Exercise brief:
Restate word for word every line from the top of the data below down through the line that holds "Xp Xm \<longleftrightarrow>".

Extracted material:
* * *
(* If $X\subset\mathbb{R}^n$ is a set of linearly separable labeled points in strong general position, then the orthogonal projections of the convex hulls of the positive and negative support vectors onto the separating hyperplane intersect at a single Radon point.
   Context: Setting: hard-margin support vector machine. We are given data points $\mathbf{x}_1,\dots,\mathbf{x}_m\in\mathbb{R}^n$ with labels $y_i\in\{-1,1\}$, assumed linearly separable. The SVM solves $\arg\min_{\mathbf{w},b}\frac12\|\mathbf{w}\|^2$ subject to $y_i(\mathbf{w}^T\mathbf{x}_i+b)\ge 1$ for all $i$. The separating hyperplane is $\{\mathbf{x}:\mathbf{w}^T\mathbf{x}+b=0\}$, and the support vectors are the $\mathbf{x}_i$ with $y_i(\mathbf{w}^T\mathbf{x}_i+b)=1$ (those lying on the margin). By the KKT conditions, $\mathbf{w}=\sum_i \alpha_i y_i\mathbf{x}_i$ with Lagrange multipliers $\alpha_i\ge 0$ and $\sum_i\alpha_i y_i=0$. A $k$-flat is a $k$-dimensional affine subspace. A labeled linearly separable set $X\subseteq\mathbb{R}^n$ is in strong general position if (i) for $k+l\le n$, no disjoint $k$-flats and $l$-flats (spanned by points of $X$) contain parallel vectors; and (ii) when the SVM is applied to $X$, the vector $\mathbf{w}$ can be uniquely written as $\mathbf{w}=\sum_{i:\alpha_i>0}\alpha_i y_i\mathbf{x}_i$ with $\alpha_i\ge 0$. Writing $X=X_-\cup X_+$ and letting $\rho$ be the orthogonal projection onto the separating hyperplane, a Radon point is a point in $\rho(\mathrm{conv}(X_-))\cap\rho(\mathrm{conv}(X_+))$, where $\mathrm{conv}$ denotes convex hull. *)

theory Defs
  imports "HOL-Analysis.Analysis"
begin

text \<open>Labelled data: Xp = points with label +1, Xm = points with label -1, in R^n = real^'n.\<close>

definition lin_separable :: "(real^'n) set \<Rightarrow> (real^'n) set \<Rightarrow> bool" where
  "lin_separable Xp Xm \<longleftrightarrow>
     (\<exists>w b. (\<forall>x\<in>Xp. w \<bullet> x + b > 0) \<and> (\<forall>x\<in>Xm. w \<bullet> x + b < 0))"

definition svm_feasible :: "(real^'n) set \<Rightarrow> (real^'n) set \<Rightarrow> real^'n \<Rightarrow> real \<Rightarrow> bool" where
  "svm_feasible Xp Xm w b \<longleftrightarrow>
     (\<forall>x\<in>Xp. 1 * (w \<bullet> x + b) \<ge> 1) \<and> (\<forall>x\<in>Xm. (-1) * (w \<bullet> x + b) \<ge> 1)"

definition svm_solution :: "(real^'n) set \<Rightarrow> (real^'n) set \<Rightarrow> real^'n \<Rightarrow> real \<Rightarrow> bool" where
  "svm_solution Xp Xm w b \<longleftrightarrow> svm_feasible Xp Xm w b \<and>
     (\<forall>w' b'. svm_feasible Xp Xm w' b' \<longrightarrow> (1/2) * (norm w)\<^sup>2 \<le> (1/2) * (norm w')\<^sup>2)"

definition support_pos :: "(real^'n) set \<Rightarrow> real^'n \<Rightarrow> real \<Rightarrow> (real^'n) set" where
  "support_pos Xp w b = {x \<in> Xp. 1 * (w \<bullet> x + b) = 1}"

definition support_neg :: "(real^'n) set \<Rightarrow> real^'n \<Rightarrow> real \<Rightarrow> (real^'n) set" where
  "support_neg Xm w b = {x \<in> Xm. (-1) * (w \<bullet> x + b) = 1}"

definition hyperplane_proj :: "real^'n \<Rightarrow> real \<Rightarrow> real^'n \<Rightarrow> real^'n" where
  "hyperplane_proj w b x = x - ((w \<bullet> x + b) / (norm w)\<^sup>2) *\<^sub>R w"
* * *
Solution to this task:
(* If $X\subset\mathbb{R}^n$ is a set of linearly separable labeled points in strong general position, then the orthogonal projections of the convex hulls of the positive and negative support vectors onto the separating hyperplane intersect at a single Radon point.
   Context: Setting: hard-margin support vector machine. We are given data points $\mathbf{x}_1,\dots,\mathbf{x}_m\in\mathbb{R}^n$ with labels $y_i\in\{-1,1\}$, assumed linearly separable. The SVM solves $\arg\min_{\mathbf{w},b}\frac12\|\mathbf{w}\|^2$ subject to $y_i(\mathbf{w}^T\mathbf{x}_i+b)\ge 1$ for all $i$. The separating hyperplane is $\{\mathbf{x}:\mathbf{w}^T\mathbf{x}+b=0\}$, and the support vectors are the $\mathbf{x}_i$ with $y_i(\mathbf{w}^T\mathbf{x}_i+b)=1$ (those lying on the margin). By the KKT conditions, $\mathbf{w}=\sum_i \alpha_i y_i\mathbf{x}_i$ with Lagrange multipliers $\alpha_i\ge 0$ and $\sum_i\alpha_i y_i=0$. A $k$-flat is a $k$-dimensional affine subspace. A labeled linearly separable set $X\subseteq\mathbb{R}^n$ is in strong general position if (i) for $k+l\le n$, no disjoint $k$-flats and $l$-flats (spanned by points of $X$) contain parallel vectors; and (ii) when the SVM is applied to $X$, the vector $\mathbf{w}$ can be uniquely written as $\mathbf{w}=\sum_{i:\alpha_i>0}\alpha_i y_i\mathbf{x}_i$ with $\alpha_i\ge 0$. Writing $X=X_-\cup X_+$ and letting $\rho$ be the orthogonal projection onto the separating hyperplane, a Radon point is a point in $\rho(\mathrm{conv}(X_-))\cap\rho(\mathrm{conv}(X_+))$, where $\mathrm{conv}$ denotes convex hull. *)

theory Defs
  imports "HOL-Analysis.Analysis"
begin

text \<open>Labelled data: Xp = points with label +1, Xm = points with label -1, in R^n = real^'n.\<close>

definition lin_separable :: "(real^'n) set \<Rightarrow> (real^'n) set \<Rightarrow> bool" where
  "lin_separable Xp Xm \<longleftrightarrow>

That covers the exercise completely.